Opaque transitive dependencies are not an academic problem. They are already an active attack vector.

When a company buys software or pulls in a ready-made library, it thinks about what it is getting. Rarely does anyone think about what comes along with it: what other components are embedded inside, who wrote them, when they were last updated, and whether they contain known vulnerabilities.

That is the software supply chain problem. It is not new. But the scale at which code is reused today makes it considerably sharper than it was five years ago.

How the problem is structured

A modern application is not made of code written by one team alone. A typical Java or Python project has dozens of direct dependencies, each of which pulls its own - and so on recursively. The real dependency tree of a small project can easily contain several hundred components.

Most of them no one on the team has ever read. They are pulled in because they solve a problem - XML parsing, date handling, an HTTP client. Trust in them is based on reputation and popularity, not a code audit.

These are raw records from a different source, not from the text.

lemma eigenbasis_block_extend:
  fixes G :: "real mat"
  assumes G: "G \<in> carrier_mat (Suc n) (Suc n)"
    and col0: "\<And>i. i < Suc n \<Longrightarrow> G $$ (i,0) = (if i = 0 then \<mu> else 0)"
    and row0: "\<And>j. j < Suc n \<Longrightarrow> G $$ (0,j) = (if j = 0 then \<mu> else 0)"
    and es: "orthonormal_eigenbasis (mat n n (\<lambda>(i,j). G $$ (Suc i, Suc j))) n ys lams"
  shows "\<exists>zs mus. orthonormal_eigenbasis G (Suc n) zs mus"
proof -
  let ?G' = "mat n n (\<lambda>(i,j). G $$ (Suc i, Suc j))"
  have mult: "G *\<^sub>v vCons a w = vCons (\<mu> * a) (?G' *\<^sub>v w)" if w: "w \<in> carrier_vec n" for a w
  proof (rule eq_vecI)
    fix i assume "i < dim_vec (vCons (\<mu> * a) (?G' *\<^sub>v w))"
    hence i: "i < Suc n" by simp
    have "row G i = vCons (G $$ (i,0)) (vec n (\<lambda>l. G $$ (i, Suc l)))"
      using G i by (intro eq_vecI) (auto simp: vec_index_vCons)
    hence "(G *\<^sub>v vCons a w) $ i = G $$ (i,0) * a + vec n (\<lambda>l. G $$ (i, Suc l)) \<bullet> w"
      using G i by simp
    also have "\<dots> = vCons (\<mu> * a) (?G' *\<^sub>v w) $ i"
      using i w row0 by (cases i) (auto simp: col0 scalar_prod_def)
    finally show "(G *\<^sub>v vCons a w) $ i = vCons (\<mu> * a) (?G' *\<^sub>v w) $ i" .
  qed (use G in simp)
  have smult: "c \<cdot>\<^sub>v vCons a w = vCons (c * a) (c \<cdot>\<^sub>v w)" for c a and w :: "real vec"
    by (intro eq_vecI) (auto simp: vec_index_vCons)
  have zero: "?G' *\<^sub>v 0\<^sub>v n = 0\<^sub>v n" by (intro eq_vecI) auto
  define zs where "zs k = (case k of 0 \<Rightarrow> vCons 1 (0\<^sub>v n) | Suc k \<Rightarrow> vCons 0 (ys k))" for k
  define mus where "mus k = (case k of 0 \<Rightarrow> \<mu> | Suc k \<Rightarrow> lams k)" for k
  have ys: "\<And>k. k < n \<Longrightarrow> ys k \<in> carrier_vec n"
    and on: "orthonormal {..<n} n ys" and ev: "\<And>k. k < n \<Longrightarrow> ?G' *\<^sub>v ys k = lams k \<cdot>\<^sub>v ys k"
    using orthonormal_eigenbasisD[OF es] by auto
  have "orthonormal_eigenbasis G (Suc n) zs mus"
    unfolding orthonormal_eigenbasis_def orthonormal_def
  proof (intro conjI ballI allI impI)
    fix k assume "k \<in> {..<Suc n}"
    thus "zs k \<in> carrier_vec (Suc n)" using ys by (cases k) (auto simp: zs_def)
  next
    fix k l assume "k \<in> {..<Suc n}" "l \<in> {..<Suc n}"
    thus "zs k \<bullet> zs l = (if k = l then 1 else 0)"
      using ys orthonormalD(3)[OF on] by (cases k; cases l) (auto simp: zs_def)
  next
    fix k assume "k < Suc n"
    thus "G *\<^sub>v zs k = mus k \<cdot>\<^sub>v zs k"
      using ys ev by (cases k) (auto simp: zs_def mus_def mult smult zero)
  qed
  thus ?thesis by blast
qed

lemma orthogonal_similar_symmetric:
  fixes G Q :: "real mat"
  assumes G: "G \<in> carrier_mat n n" and GT: "transpose_mat G = G" and Q: "Q \<in> carrier_mat n n"
  shows "transpose_mat (transpose_mat Q * G * Q) = transpose_mat Q * G * Q"
proof -
  have "transpose_mat (transpose_mat Q * G * Q) = transpose_mat Q * transpose_mat (transpose_mat Q * G)"
    by (rule transpose_mult) (use Q G in auto)
  also have "transpose_mat (transpose_mat Q * G) = G * Q"
    using transpose_mult[of "transpose_mat Q" n n G] GT Q G by simp
  finally show ?thesis using Q G by (simp add: assoc_mult_mat[of _ n n])
qed

lemma orthogonal_similar_first_column:
  fixes G Q :: "real mat"
  assumes G: "G \<in> carrier_mat n n" and Q: "Q \<in> carrier_mat n n"
    and QQ: "transpose_mat Q * Q = 1\<^sub>m n" and Qy: "col Q 0 = y" and y: "y \<in> carrier_vec n"
    and Gy: "G *\<^sub>v y = \<mu> \<cdot>\<^sub>v y" and i: "i < n"
  shows "(transpose_mat Q * G * Q) $$ (i,0) = (if i = 0 then \<mu> else 0)"
proof -
  have "(transpose_mat Q * G * Q) $$ (i,0) = row (transpose_mat Q * G) i \<bullet> y"
    unfolding Qy[symmetric] by (rule index_mult_mat(1)) (use i Q G in auto)
  also have "\<dots> = ((transpose_mat Q * G) *\<^sub>v y) $ i"
    by (rule index_mult_mat_vec[symmetric]) (use i Q G in simp)
  also have "\<dots> = \<mu> * (transpose_mat Q * Q) $$ (i,0)"
    using i Q G y Gy Qy by (simp add: assoc_mult_mat_vec[of _ n n] mult_mat_vec)
  finally show ?thesis using QQ i by simp
qed

theorem spectral_theorem:
  fixes G :: "real mat"
  assumes "G \<in> carrier_mat n n" and "transpose_mat G = G"
  shows "\<exists>ys lams. orthonormal_eigenbasis G n ys lams"
  using assms
proof (induction n arbitrary: G)
  case 0
  show ?case by (auto simp: orthonormal_eigenbasis_def orthonormal_def)
next
  case (Suc n)
  note G = Suc.prems(1) and GT = Suc.prems(2)
  obtain \<mu> y where y: "y \<in> carrier_vec (Suc n)" "y \<bullet> y = 1" and Gy: "G *\<^sub>v y = \<mu> \<cdot>\<^sub>v y"
    using symmetric_real_eigenvector[OF G GT] by blast
  obtain Q where Q: "Q \<in> carrier_mat (Suc n) (Suc n)"
    and QQ: "transpose_mat Q * Q = 1\<^sub>m (Suc n)" and Qy: "col Q 0 = y"
    using orthogonal_matrix_first_column[OF y] by blast
  define G1 where "G1 = transpose_mat Q * G * Q"
  have G1: "G1 \<in> carrier_mat (Suc n) (Suc n)" unfolding G1_def using Q G by simp
  have G1T: "transpose_mat G1 = G1"
    unfolding G1_def by (rule orthogonal_similar_symmetric[OF G GT Q])
  have col0: "G1 $$ (i,0) = (if i = 0 then \<mu> else 0)" if "i < Suc n" for i
    unfolding G1_def by (rule orthogonal_similar_first_column[OF G Q QQ Qy y(1) Gy that])
  have row0: "G1 $$ (0,j) = (if j = 0 then \<mu> else 0)" if "j < Suc n" for j
    using col0[OF that] arg_cong[OF G1T, of "\<lambda>M. M $$ (j,0)"] that G1 by simp
  let ?G' = "mat n n (\<lambda>(i,j). G1 $$ (Suc i, Suc j))"
  have "G1 $$ (Suc j, Suc i) = G1 $$ (Suc i, Suc j)" if "i < n" "j < n" for i j
    using arg_cong[OF G1T, of "\<lambda>M. M $$ (Suc i, Suc j)"] that G1 by simp
  hence "transpose_mat ?G' = ?G'" by (auto simp: mat_eq_iff)
  then obtain ys lams where "orthonormal_eigenbasis ?G' n ys lams"
    using Suc.IH[of ?G'] by auto
  then obtain zs mus where "orthonormal_eigenbasis G1 (Suc n) zs mus"
    using eigenbasis_block_extend[OF G1 col0 row0] by blast
  thus ?case using eigenbasis_orthogonal_similar[OF G Q QQ] unfolding G1_def by blast
qed

corollary spectral_theorem_sorted:
  fixes G :: "real mat"
  assumes "G \<in> carrier_mat n n" and "transpose_mat G = G"
  shows "\<exists>ys lams. orthonormal_eigenbasis G n ys lams \<and> (\<forall>i j. i \<le> j \<longrightarrow> j < n \<longrightarrow> lams j \<le> lams i)"
proof -
  obtain ys lams where es: "orthonormal_eigenbasis G n ys lams"
    using spectral_theorem[OF assms] by blast
  define idx where "idx = sort_key (\<lambda>i. - lams i) [0..<n]"
  have ms: "mset idx = mset [0..<n]" unfolding idx_def by simp
  have len: "length idx = n" using arg_cong[OF ms, of size] by simp
  have dist: "distinct idx" unfolding idx_def by simp
  have sorted: "sorted (map (\<lambda>i. - lams i) idx)" unfolding idx_def by simp
  have idx: "idx ! i < n" if "i < n" for i
    using arg_cong[OF ms, of set_mset] len that by (metis atLeastLessThan_iff nth_mem set_mset_mset set_upt)
  have "orthonormal_eigenbasis G n (\<lambda>i. ys (idx ! i)) (\<lambda>i. lams (idx ! i))"
    using es idx unfolding orthonormal_eigenbasis_def orthonormal_def
    by (auto simp: nth_eq_iff_index_eq[OF dist] len)
  moreover have "lams (idx ! j) \<le> lams (idx ! i)" if "i \<le> j" "j < n" for i j
    using sorted_nth_mono[OF sorted, of i j] that len by simp
  ultimately show ?thesis by blast
qed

An attacker who wants to get into a system may choose to go through one of those dependencies rather than through the main application. If there is a vulnerability in a popular library, it is immediately present in every project that uses it - the same logic behind trusting the software delivery channel that the Flame incident exposed at the level of operating system updates.

What has already happened

Compromise through dependencies is not hypothetical. Incidents involving malicious code inserted into open-source packages have already been documented - still rare, not yet widely covered. But the vector is clear: if someone controls a popular package, they control a small piece of code in a very large number of systems.

A separate issue - not deliberate attacks, but simply unpatched vulnerabilities. A library with a known CVE can remain in production for years if nobody systematically tracks the state of dependencies. That is not a theoretical risk - it is the routine situation in most projects.

What systematic dependency tracking looks like

A systematic approach to dependencies is not paranoia and does not require auditing every line of someone else's code. It is a few concrete practices.

Know what you have. The list of all direct and transitive dependencies should be explicit, not an implicit side-effect of the build. Tools for this exist across ecosystems - Maven and Gradle in Java, pip freeze in Python, and others.

Track known vulnerabilities. CVE databases are public. Tools that match a dependency list against a vulnerability database already exist, even if they have not become standard yet. Running such a check at build time is not complicated.

Understand provenance. Where does a package come from? Who maintains it? When was it last updated? If the answers are "we don't know", that is a risk worth consciously evaluating.

Manage updates deliberately. Indefinitely deferring dependency updates is technical debt with a non-zero security cost. A regular update process is better than an emergency upgrade after a critical CVE is published.

Practical questions

A few questions help assess the situation in a specific organisation:

  1. Do we have a list of all components in production systems - not just our own code?
  2. Is there a process that responds when a critical vulnerability in a popular library is published?
  3. Who decides whether to use a new external package?
  4. How long does an unpatched vulnerability in our dependencies typically live?
  5. Is there isolation between components - or does compromising one dependency give access to everything?

Industry standards and tools for systematically managing software composition will come later. But waiting for them to start thinking about this is not necessary.